Tally how many lines in the data hold the word "list", and give the result with no other text.

>>>>

(* Suppose Assumption 1 holds and let $\gamma\in(0,1]$. (i) Let $x\in\operatorname{dom}\psi$, let $H$ be symmetric with $Q^x_H$ $\sigma$-strongly convex for some $\sigma>0$, and let $d$ satisfy the $\eta$-inexactness condition for $Q^x_H$ for some $\eta\in[0,1)$. If $$(1-\gamma)\frac{1-\sqrt\eta}{1+\sqrt\eta}\,\sigma + \lambda_{\min}(H)\ge L,$$ then the sufficient decrease condition $F(x)-F(x+d)\ge -\gamma Q^x_H(d)\ge 0$ holds. (ii) Consequently, in Algorithm 2 (with every computed $d^k$ satisfying the $\eta$-inexactness condition for a fixed $\eta\in[0,1)$), if the initial matrix satisfies $m_0 I\preceq H^0_k\preceq M_0 I$ for some $M_0>0$ and $m_0\le M_0$, then for Variant 2 the final (accepted) $H_k$ satisfies $\|H_k\|\le \tilde M_2(\eta)$; and for Variant 1, if in addition $m_0>0$, the final $H_k$ satisfies $\|H_k\|\le\tilde M_1(\eta)$.
   Context: Problem setting: $F(x)=f(x)+\psi(x)$ on $\mathbb{R}^n$. Assumption 1: $f:\mathbb{R}^n\to\mathbb{R}$ is differentiable with $L$-Lipschitz continuous gradient for some $L>0$; $\psi:\mathbb{R}^n\to\mathbb{R}\cup\{+\infty\}$ is convex, proper and closed; $F$ is bounded below; and the solution set $\Omega=\{x: F(x)=F^*\}$, $F^*=\inf F$, is nonempty. For $x\in\mathbb{R}^n$ and a symmetric matrix $H$, $Q^x_H(d) \coloneqq \nabla f(x)^T d + \frac12 d^T H d + \psi(x+d) - \psi(x)$ (so $Q^x_H(0)=0$) and $Q^*\coloneqq\inf_d Q^x_H(d)$. A vector $d$ satisfies the $\eta$-inexactness condition (for $Q=Q^x_H$) if $Q(d)-Q^*\le \eta(Q(0)-Q^* )$, equivalently $Q(d)\le(1-\eta)Q^*$. $\lambda_{\min}(H)$ is the smallest eigenvalue, $\|H\|$ the spectral norm. Algorithm 2: given $\beta\in(0,1)$, $\gamma\in(0,1]$, $x^0$, and fixed $\eta\in[0,1)$; for $k=0,1,2,\dots$: choose a symmetric initial matrix $H^0_k$ (in Variant 1, $H^0_k\succ0$); set $\alpha_k\leftarrow1$, $H_k\leftarrow H^0_k$, and compute $d^k$ satisfying the $\eta$-inexactness condition for $Q^{x^k}_{H_k}$; while the sufficient decrease condition $F(x^k)-F(x^k+d^k)\ge -\gamma Q^{x^k}_{H_k}(d^k)\ge 0$ fails: in Variant 1 set $\alpha_k\leftarrow\beta\alpha_k$ and $H_k\leftarrow H^0_k/\alpha_k$; in Variant 2 set $H_k\leftarrow H^0_k+\alpha_k^{-1}I$ and then $\alpha_k\leftarrow\beta\alpha_k$; then recompute $d^k$ satisfying the $\eta$-inexactness condition for $Q^{x^k}_{H_k}$. Finally set $x^{k+1}=x^k+d^k$. The "final" $H_k$ is the matrix for which the sufficient decrease condition is accepted. Constants: $\tilde M_2(\eta)\coloneqq M_0+\max\left\{1,\ \frac1\beta\left(\frac{L(1+\sqrt\eta)}{2-\gamma(1-\sqrt\eta)}-m_0\right)\right\}$ and $\tilde M_1(\eta)\coloneqq M_0\max\left\{1,\ \frac{L(1+\sqrt\eta)}{\beta(2-\gamma(1-\sqrt\eta))m_0}\right\}$. *)

theory Defs
  imports "HOL-Analysis.Analysis"
begin
(* Let $(S,\oplus,\odot)$ be a semiring whose addition $\oplus$ is commutative (multiplication $\odot$ need not be commutative). For all positive integers $n,p,q$ with $p+q\le n$ and all maps $f:\binom{[n]}{p}\to S$, $g:\binom{[n]}{q}\to S$, the value $$\bigoplus_{X\in\binom{[n]}{p},\,Y\in\binom{[n]}{q},\,X\cap Y=\emptyset} f(X)\odot g(Y)$$ can be computed by an arithmetic circuit over $\oplus,\odot$ with $O((n^p+n^q)\log n)$ gates, where the constant in the $O$-notation does not depend on $n,p,q$.
   Context: $\binom{[n]}{p}$ denotes the family of $p$-element subsets of $[n]=\{1,\dots,n\}$. An arithmetic circuit has input gates for the values $f(X)$ and $g(Y)$ and binary gates each computing $\oplus$ or $\odot$ (with left/right order of the $\odot$ arguments specified) of its two predecessors. *)

theory Defs
  imports Complex_Main
begin

definition subsets :: "nat \<Rightarrow> nat \<Rightarrow> nat set set" where
  "subsets n p = {X. X \<subseteq> {1..n} \<and> card X = p}"

text \<open>Sum over a finite nonempty set in a commutative additive semigroup
  (no zero element is assumed).\<close>
definition nsum :: "('b \<Rightarrow> 'a::ab_semigroup_add) \<Rightarrow> 'b set \<Rightarrow> 'a" where
  "nsum h A = the (Finite_Set.fold
      (\<lambda>x acc. Some (case acc of None \<Rightarrow> h x | Some a \<Rightarrow> h x + a)) None A)"

text \<open>Arithmetic circuits as straight-line programs: gate k is either an input
  gate for f(X) or g(Y), or a binary gate (oplus or odot) whose arguments are
  earlier gates i, j < k.
  The output is the last gate; the size is the number of gates.\<close>
datatype gate = InF "nat set" | InG "nat set" | GAdd nat nat | GMul nat nat

fun gate_ok :: "nat \<Rightarrow> nat \<Rightarrow> nat \<Rightarrow> nat \<Rightarrow> gate \<Rightarrow> bool" where
  "gate_ok n p q k (InF X) = (X \<in> subsets n p)"
| "gate_ok n p q k (InG Y) = (Y \<in> subsets n q)"
| "gate_ok n p q k (GAdd i j) = (i < k \<and> j < k)"
| "gate_ok n p q k (GMul i j) = (i < k \<and> j < k)"

definition circuit_wf :: "nat \<Rightarrow> nat \<Rightarrow> nat \<Rightarrow> gate list \<Rightarrow> bool" where
  "circuit_wf n p q C = (C \<noteq> [] \<and> (\<forall>k < length C. gate_ok n p q k (C ! k)))"

fun gate_val :: "(nat set \<Rightarrow> 'a::semiring) \<Rightarrow> (nat set \<Rightarrow> 'a) \<Rightarrow> 'a list \<Rightarrow> gate \<Rightarrow> 'a" where
  "gate_val f g vs (InF X) = f X"
| "gate_val f g vs (InG Y) = g Y"
| "gate_val f g vs (GAdd i j) = vs ! i + vs ! j"
| "gate_val f g vs (GMul i j) = vs ! i * vs ! j"

definition gate_values :: "(nat set \<Rightarrow> 'a::semiring) \<Rightarrow> (nat set \<Rightarrow> 'a) \<Rightarrow> gate list \<Rightarrow> 'a list" where
  "gate_values f g C = foldl (\<lambda>vs gt. vs @ [gate_val f g vs gt]) [] C"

<<<<

_EXERCISE OUTPUT_
3